J'ai lu que Le Soliste était mièvre, mielleux, larmoyant. Qu'il était un kamikaze qui s'abattrait sur les Oscars (ou un truc de ce goût là). Les auteurs de ces mots ont certainement dû perdre leur coeur à la porte de leur bureau. Car si le film a des défauts, je ne les ai pas trouvés dans le sujet, ni dans le flot de sentiments provoqués par cette étrange et belle histoire. En réalité, Joe Wright a les défauts de ses qualités. Il n'est pas un simple réalisateur. C'est un metteur en scène qui a fait de la perfection une religion, une façon de filmer, de montrer. Chaque plan est mesuré, sous-pesé. Chaque séquence apporte une nouvelle pierre précieuse à la couronne. Mais cette perfection visuelle qui sous tend chaque petite seconde donne au film des allures de devoir de premier de la classe. J'avais détesté l'effet dans Reviens moi. Je l'avais adoré dans Orgueil et Préjugés. Dans l'un, l'histoire m'avait profondément ennuyée. Le film s'était noyé sous la caméra opiniâtre du réalisateur. Dans l'autre...Ah l'autre....Je suis FAN de Jane Austen. Orgueil et Préjugés est mon oeuvre préférée. Alors autant dire que les tableaux victoriens du 19ème siècle, même trop plaqués, m'avaient plu.
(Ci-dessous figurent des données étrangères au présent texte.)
text \<open>
  Already on a small planar configuration the quadratic form of \<open>f(\<parallel>x\<parallel>)\<close> is positive:
  take the points \<open>(a/3, b/3)\<close>, \<open>a, b < 10\<close>, with weights \<open>\<phi> a * \<phi> b\<close>, where
  \<open>\<Sum>\<phi> = 0\<close>; positivity of its energy \<open>E(0)\<close> is a numerical computation with
  rational enclosures of square roots.

  To satisfy the moment conditions of order \<open>r\<close>, take \<open>r + 1\<close> copies translated by
  \<open>i h\<close> along a coordinate axis and weighted by \<open>(-1)^i (r choose i)\<close>: this finite
  difference annihilates all polynomials of degree \<open>< r\<close>. The energy of the union is
  \<open>\<Sum> c\<^sub>i c\<^sub>j E((i - j) h)\<close>, where \<open>E(W)\<close> is the interaction of the configuration
  with its translate by \<open>W\<close>. As \<open>f(t) = t\<close> for \<open>t \<ge> 1\<close>, \<open>f(\<parallel>x + W e\<^sub>1\<parallel>)\<close> is
  affine in \<open>x\<close> up to \<open>O(1/|W|)\<close>, and the zero total weight kills the affine part.
  So \<open>E(W) = O(1/|W|)\<close>, and for large \<open>h\<close> the diagonal terms \<open>E(0) > 0\<close> dominate:
  the quadratic form of \<open>-f(\<parallel>x\<parallel>)\<close> is negative on an admissible family.
\<close>

lemma has_integral_antiderivative:
  fixes P p :: "real \<Rightarrow> real"
  assumes "a \<le> b" "\<And>x. (P has_real_derivative p x) (at x)" "P b - P a = I"
  shows "(p has_integral I) {a..b}"
proof -
  have "(p has_integral P b - P a) {a..b}"
    using assms(1,2)
    by (intro fundamental_theorem_of_calculus)
       (auto intro: has_field_derivative_at_within
         simp: has_real_derivative_iff_has_vector_derivative[symmetric])
  with assms(3) show ?thesis by simp
qed
(* Consider the \texttt{Ghost} algorithm described in the context and assume (A1)–(A4) with $\mu=0$. If $\gamma L(1+\omega_{\mathrm{up}}/N)\le\frac12$, then for all $k\ge1$, $$\mathbb{E}\|w_k-w_*\|^2\le\mathbb{E}\|w_{k-1}-w_*\|^2-\gamma\,\mathbb{E}[F(w_{k-1})-F_*]-\frac{\gamma}{2L}\mathbb{E}\|\nabla F(\widehat w_{k-1})\|^2+2\gamma^3\omega_{\mathrm{dwn}}L\Big(1+\frac{\omega_{\mathrm{up}}}{N}\Big)\mathbb{E}\|\nabla F(\widehat w_{k-2})\|^2+\gamma^2\frac{(1+\omega_{\mathrm{up}})\sigma^2}{Nb}\big(1+2\gamma L\omega_{\mathrm{dwn}}\big),$$ with the convention $\nabla F(\widehat w_{-1})=0$.
   Context: $N\ge1$ homogeneous workers, objective $F:\mathbb{R}^d\to\mathbb{R}$ with minimizer $w_*$, $F_*=F(w_* )$. Worker $i$ at iteration $k$ has an oracle $g_k^i$ (mini-batch $b$) with $\mathbb{E}[g_k^i(w)]=\nabla F(w)$; $\widehat g_k^i(w)=\mathcal{C}_{\mathrm{up}}(g_k^i(w))$. All compressions and oracle calls use fresh independent randomness. \texttt{Ghost} algorithm with step $\gamma$: $\widehat w_0=w_0$; for $k\ge0$: $w_{k+1}=w_k-\gamma\frac1N\sum_i\widehat g^i_{k+1}(\widehat w_k)$, $\widehat w_{k+1}=w_k-\gamma\,\mathcal{C}_{\mathrm{dwn}}\big(\frac1N\sum_i\widehat g^i_{k+1}(\widehat w_k)\big)$ (same vector inside). (A1) for some $\omega_{\mathrm{up}},\omega_{\mathrm{dwn}}>0$, all $w$: $\mathbb{E}[\mathcal{C}_{\mathrm{up/dwn}}(w)]=w$, $\mathbb{E}\|\mathcal{C}_{\mathrm{up/dwn}}(w)-w\|^2\le\omega_{\mathrm{up/dwn}}\|w\|^2$. (A2) $F$ twice continuously differentiable, $L$-smooth. (A3) $F$ $\mu$-strongly convex ($\mu=0$: convex). (A4) $\mathbb{E}\|g_k^i(w)-\nabla F(w)\|^2\le\sigma^2/b$. *)

theory Defs
  imports "HOL-Probability.Probability"
begin

text \<open>Orc k i : randomness of the stochastic oracle of worker i at iteration k (incl. mini-batch);
  Up k i  : randomness of the uplink compression of worker i at iteration k;
  Dw k    : randomness of the downlink compression at iteration k.\<close>
datatype noise_idx = Orc nat nat | Up nat nat | Dw nat

definition used_idx :: "nat \<Rightarrow> noise_idx set" where
  "used_idx N = {Orc k i | k i. 1 \<le> k \<and> i < N} \<union> {Up k i | k i. 1 \<le> k \<and> i < N}
                 \<union> {Dw k | k. 1 \<le> k}"

text \<open>The Ghost iteration.  G k i w x : oracle g_k^i evaluated at w with randomness x;
  Cup v z / Cdwn v z : compression of v with randomness z.  Returns (w_k, what_k).\<close>
primrec ghost ::
  "nat \<Rightarrow> real \<Rightarrow> (nat \<Rightarrow> nat \<Rightarrow> 'a::euclidean_space \<Rightarrow> 'b \<Rightarrow> 'a) \<Rightarrow> ('a \<Rightarrow> 'b \<Rightarrow> 'a) \<Rightarrow>
   ('a \<Rightarrow> 'b \<Rightarrow> 'a) \<Rightarrow> (noise_idx \<Rightarrow> 'm \<Rightarrow> 'b) \<Rightarrow> 'a \<Rightarrow> nat \<Rightarrow> 'm \<Rightarrow> 'a \<times> 'a" where
  "ghost N \<gamma> G Cup Cdwn \<xi> w0 0 \<omega> = (w0, w0)"
| "ghost N \<gamma> G Cup Cdwn \<xi> w0 (Suc k) \<omega> =
     (let p = ghost N \<gamma> G Cup Cdwn \<xi> w0 k \<omega>;
          v = (1 / real N) *\<^sub>R (\<Sum>i<N. Cup (G (Suc k) i (snd p) (\<xi> (Orc (Suc k) i) \<omega>))
                                            (\<xi> (Up (Suc k) i) \<omega>))
      in (fst p - \<gamma> *\<^sub>R v, fst p - \<gamma> *\<^sub>R Cdwn v (\<xi> (Dw (Suc k)) \<omega>)))"

end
Là, mon sentiment est moins tranché et je me suis sentie partagée. Le perfectionnisme qui ne lâche pas le réalisateur de la première à la dernière minute m'a d'abord éblouie. Sous mon regard médusé, j'ai d'abord vu les images de Los Angeles se succéder. Puis je me suis surprise à être ennuyée. La première partie du film, celle où Lopez s'approche à petits pas de Nathaniel , est inégale. Le chroniqueur est à mi-chemin entre l'opportunisme et l'altruisme. L'histoire prend place lentement, très lentement. Dans les creux, trop de photos de galerie. Et puis, et puis, il y a Ludvig. La 9ème Symphonie en fond sonore. (Pas de la même manière que dans Le Concert Ô combien surestimé où le concerto pour violon de Tchaikovsky n'en finit pas de se jouer, comblant un scénario faussement loufoque). Et là l'émotion monte, grandissante. Elle épouse la relation entre les deux protagonistes qui, elle aussi, s'épanouit, progressivement. Le réalisateur n'a pas eu peur d'avancer lentement. La seconde moitié du film lui a donné raison. Son perfectionnisme obsessionnel laisse place, dans cette seconde partie, à l'émotion. L'histoire nous plonge ici dans les méandres de l'âme humaine. Dans des blessures incurables. Elle pose une question: Peut-on aimer un fou? Peut-on même seulement l'aider. Et si le film semble a priori y apporter une réponse négative, en vérité, il la laisse ouverte. L'essentiel n'est pas dans la question. On le comprendra.
Le Soliste ose aborder un thème complexe. Et derrière l'histoire de Nathaniel, celle d'un musicien schizophrène qui ne parvient à calmer ses voix intérieures pernicieuses qu'avec les bruits de la rue et la musique de Beethoven, il y a celle de Lopez, l'homme pressé par la vie qui n'a pas su voir l'essentiel. C'est donc la rencontre de deux âmes esseulées interprétées par deux grands acteurs. Et surtout la redécouverte d'un acteur extraordinaire, d'un des meilleurs, pour tout dire. Le rôle du musicien est bien servi par Jamie Foxx. Mais on le retrouve là où on l'attendait.C'est Robert Downey Jr qui crève l'écran. Il joue avec la même justesse de celui qui interprèterait son propre rôle. Sans reprendre le mauvais jeu de mots journalistique, l'acteur n'a rien d'un kamikaze qui s'abattrait sur les oscars mais tout d'un grand qui mériterait d'être récompensé. Pour le reste, le film aurait mérité de meilleurs égards. Ne tirez pas sur Le Soliste...Allez plutôt le voir!